ISMAIL DILAWAR

KARACHI: Thanks to Pakistan’s economic insularity from the now-volatile global markets, the analysts foresee a long-term impact of the so-called Brexit on the growth-conscious South Asian country relatively not so significant.

In what market observers called it a somewhat ‘exaggerated’ reaction, Pakistan shares Friday tumbled 2.2 percent, 848 points, as confirmed reports of a “Leave” vote in the UK’s historic referendum caused panic selling at the bourse.

The benchmark KSE-100 index was seen plunging 3.8 percent or 1,412 points in the intraday trade.

Attributing the day’s bloodbath mainly to 570-point correction in banking and fertilizer stocks, researchers at Arif Habib Limited dub market reaction as “unjustifiable”.

“We view this panic in the market as unjustifiable and could be taken as a buying opportunity with our EM and CPEC theme intact,” they viewed.

Terming PSX reaction to Brexit as somewhat ‘exaggerated’, the AHL analysts said the sectors which would be adversely impacted constitute 25 percent weight in the market.

Syed Atif Zafar of JS Research also does not expect any significant impact of UK’s “Leave” vote on local fundamentals. “We believe fallout on local equities is a strong possibility if final results confirm Britain’s exit from European Union,” he said.

He recalled that KSE-100 index had slumped 11 percent at the start-of-the-year in reaction to meltdown in global equities (international markets crashing by 20 percent) during the period.

With many international experts expecting a similar decline in international equities (20 percent), he said a 10 percent decline in local equities cannot be ruled out in the short-term.

Zafar, however, pins hope in Pakistan’s recent reclassification to MSCI Emerging Markets that, he said, was likely to absorb the impact in the long run.

Economic observers at Topline Research came up with rather detailed report on Brexit’s impact on Pakistan saying the “surprise” outcome shook the global markets where Pound Sterling to US$ came off by 7 percent from yesterday’s 1.45 to 1.35, lowest since 1985.

“Global markets have also taken a toll with across the board losses,” they added.

International oil prices have come off as a result of global uncertainty and concerns over a recession in UK with a knock off effect in EU.

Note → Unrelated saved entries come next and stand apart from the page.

lemma eventually_feasible_P_along:
  fixes X H :: "real mat" and v z :: "real vec"
  assumes feas: "feasible_P n X" and n: "n > 0" and H: "H \<in> carrier_mat n n"
    and H_zero: "\<And>i j. i < n \<Longrightarrow> j < n \<Longrightarrow> X $$ (i, j) = 0 \<Longrightarrow> H $$ (i, j) \<ge> 0"
    and v: "v \<in> carrier_vec n" "nonneg_vec v" "X *\<^sub>v v = v" and z: "z \<in> carrier_vec n" and \<alpha>: "\<alpha> > 0"
    and z_eq: "\<And>i. i < n \<Longrightarrow> z $ i - (X *\<^sub>v z) $ i = (H *\<^sub>v v) $ i + \<alpha>"
    and z_pos: "\<And>i. i < n \<Longrightarrow> v $ i = 0 \<Longrightarrow> z $ i > 0"
  shows "eventually (\<lambda>s. feasible_P n (X + s \<cdot>\<^sub>m H)) (at_right 0)"
proof -
  have X: "X \<in> carrier_mat n n" "nonneg_mat X"
    using feas by (auto simp: feasible_P_def)
  have Hz_small: "eventually (\<lambda>s. \<forall>i\<in>{..<n}. s * (H *\<^sub>v z) $ i < \<alpha>) (at_right 0)"
  proof (intro eventually_ball_finite ballI finite_lessThan)
    fix i
    have "((\<lambda>s. s * (H *\<^sub>v z) $ i) \<longlongrightarrow> 0 * (H *\<^sub>v z) $ i) (at_right 0)"
      by (intro tendsto_intros)
    thus "eventually (\<lambda>s. s * (H *\<^sub>v z) $ i < \<alpha>) (at_right 0)"
      using \<alpha> by (intro order_tendstoD(2)) auto
  qed
  have nonneg_Y: "eventually (\<lambda>s. nonneg_mat (X + s \<cdot>\<^sub>m H)) (at_right 0)"
    using X H H_zero by (rule eventually_nonneg_mat_add_smult)
  have pos_w: "eventually (\<lambda>s. \<forall>i\<in>{..<n}. v $ i + s * z $ i > 0) (at_right 0)"
    using v(1,2) z_pos by (rule eventually_pos_add_smult)
  show ?thesis using eventually_at_right_less[of 0] nonneg_Y pos_w Hz_small
  proof eventually_elim
    case (elim s)
    \<comment> \<open>v + s z is a positive subinvariant vector of X + s H.\<close>
    have "(\<Sum>j<n. (X + s \<cdot>\<^sub>m H) $$ (i, j) * (v $ j + s * z $ j)) \<le> v $ i + s * z $ i"
      if i: "i < n" for i
      using perturbed_mult_vec_entry[OF X(1) H v(1,3) z i z_eq[OF i], of s] elim i
      by (simp add: less_imp_le)
    hence "spec_rad (X + s \<cdot>\<^sub>m H) \<le> 1"
      using elim X H by (intro spec_rad_le_one_of_subinvariant[OF _ n, of _ "\<lambda>j. v $ j + s * z $ j"]) auto
    thus ?case using X H elim by (simp add: feasible_P_def)
  qed
qed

Oil prices dipped four percent Friday with WTI trading at $47. “This has led to weakness in local oil Exploration and Production (E&P) companies,” the analysts said.

Japanese Yen appreciated as a result of BREXIT and was trading at 101.9 to US$, up by three percent as of Thursday. “This would be negative for local auto sector as portion of their costs are denominated in yen,” they said.

Textile sector would also be affected as a weaker Pound Sterling and Euro (down 2.3 percent today) would render Pakistan’s exports more expensive. Out of total textile exports during Jul-May 2016 of $11.6 billion, UK textile exports are $1.2 billion or 10 percent.